The next day, I needed to make just one quick cross-cut, and failed to check the setup out. BANG!

The aluminum Mule Fence touched (tiny knick) the blade while I was pushing the stock through.

I still use my metal jigs and fixtures, but check, double-check, then check again before pulling the power paddle.


----------



## Manitario (Jul 4, 2010)

I have written on my Incra mitre gauge "Check the gap!!". Sadly, this was after I didn't check the gap and destroyed a set of dado blades and cartridge on my SawStop.


----------



## TheDane (May 15, 2008)

Thankfully, the blade I destroyed was the stock blade that came with the saw. Still …


----------



## jusfine (May 22, 2010)

Don, my review is here if it helps at all…


----------



## DonJ (Sep 28, 2008)

Jusfine,

Thanks for the review and all the other input; I ordered one today and am looking forward to using it soon.


----------



## lumberingjoe (Jan 25, 2013)

Thank you for this thread! I was considering buying an Ibox to use with my Sawstop and this issue was forefront.

Sawstop technology has been around long enough (as a market leader too) to have the accessory manufacturers delivering products that are safe to use. Incramental Tools (specifically) needs to reengineer several of their products.

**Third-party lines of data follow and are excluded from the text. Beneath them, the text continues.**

text \<open>w+ convergence: weak convergence plus convergence of \<integral> 1/m (finite limit); 1/0 = \<infinity>.\<close>
definition wplus_conv :: "(real \<Rightarrow> ennreal measure) \<Rightarrow> ennreal measure \<Rightarrow> bool" where
  "wplus_conv lam L \<longleftrightarrow> weak_conv_inf lam L \<and>
     ((\<lambda>t. \<integral>\<^sup>+ x. inverse x \<partial>(lam t)) \<longlongrightarrow> (\<integral>\<^sup>+ x. inverse x \<partial>L)) at_top \<and>
     (\<integral>\<^sup>+ x. inverse x \<partial>L) < \<infinity>"

end

theory Submission
  imports Defs
begin

(* Both empirical measures are finite sums of Dirac masses at the same atoms, namely the pieces
   m 1, ..., m (ell t - 1) and tbar t into which [0, t] is cut; only the weights differ (piece / t
   versus 1 / ell t). Hence each is a density of the other,
     mu_t(dx) = (ell t / t) x F_t(dx)   and   F_t(dx) = (t / ell t) x^-1 mu_t(dx),
   and the relevant moments are explicit: int x dF_t = t / ell t and int x^-1 dmu_t = ell t / t.
   The moment convergence assumed in (a), resp. (b), therefore identifies A as 1 / int x dF_*,
   resp. int x^-1 dmu_*. The limit is a probability measure, and the excluded Dirac measures are
   exactly those for which this moment vanishes, which gives 0 < A < infinity.
   Weak convergence is then carried through the density: if L_t -> M weakly and int g dL_t ->
   int g dM < infinity for a continuous g >= 0, then int f g dL_t -> int f g dM for every
   continuous f. Truncating g at height K gives a bounded continuous test function, and the
   truncation error is at most sup |f| (int g - int min(g, K)), uniformly small for large K and t. *)

lemma measure_eq_return_if_AE:
  assumes "prob_space N" "sets N = sets M" "a \<in> space M" "AE x in N. x = a"
  shows "N = return M a"
proof (rule measure_eqI)
  fix A assume A: "A \<in> sets N"
  have "emeasure N A = (\<integral>\<^sup>+x. indicator A x \<partial>N)"
    using A by simp
  also have "\<dots> = (\<integral>\<^sup>+x. indicator A a \<partial>N)"
    using assms(4) by (intro nn_integral_cong_AE) auto
  also have "\<dots> = indicator A a"
    using prob_space.emeasure_space_1[OF assms(1)] by simp
  finally show "emeasure N A = emeasure (return M a) A"
    using A assms(2) by simp
qed (simp add: assms(2))

lemma nn_integral_nonzero_if_not_return:
  fixes g :: "'a::topological_space \<Rightarrow> ennreal"
  assumes "prob_space N" "sets N = sets borel" "g \<in> borel_measurable borel"
    and "\<And>x. g x = 0 \<longleftrightarrow> x = a" "N \<noteq> return borel a"
  shows "(\<integral>\<^sup>+x. g x \<partial>N) \<noteq> 0"
proof
  assume "(\<integral>\<^sup>+x. g x \<partial>N) = 0"
  then have "AE x in N. g x = 0"
    using assms(2,3) by (simp add: nn_integral_0_iff_AE measurable_cong_sets[OF assms(2) refl])
  then have "AE x in N. x = a"
    by (simp add: assms(4))
  then show False
    using measure_eq_return_if_AE[OF assms(1,2)] assms(5) by simp
qed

For now, I'll make my own jigs.


----------



## NiteWalker (May 7, 2011)

Why do they need to reengineer anything?
Whether you're using a sawstop or not, the metal parts on the ibox or any of incra's miter gauges should not come into contact with the blade. Ever. You do have to touch the metal indexing pins of the ibox to the blade during the kiss calibration, but the saw should not be on during the calibration, so there would be no issues with the sawstop brake.
If any metal parts do come into contact with blade during use, it's operator error; not manufacturer error.


----------



## jefrench (Feb 6, 2021)

The Dane,

Did the same thing, nicked the right side base, but it wasn't the stock blade. I rammed my brand new freud dado stack into the aluminum. I c a r e f u l l y peeled the teeth out without losing one. It cuts fine and I wasn't going to eat a new cartridge and a new set at the same time.


----------



## Peteybadboy (Jan 23, 2013)

Can't you just turn off the brake function when close to metal? I have nicked my incra sled fence 2x w my old delta. Getting a saw stop in the near future, so I would turn off the saw stop function if I use a sled. Would that work?


----------



## jefrench (Feb 6, 2021)

It was my fault for not checking the clearance of the base to the blade. It's adjustable.


----------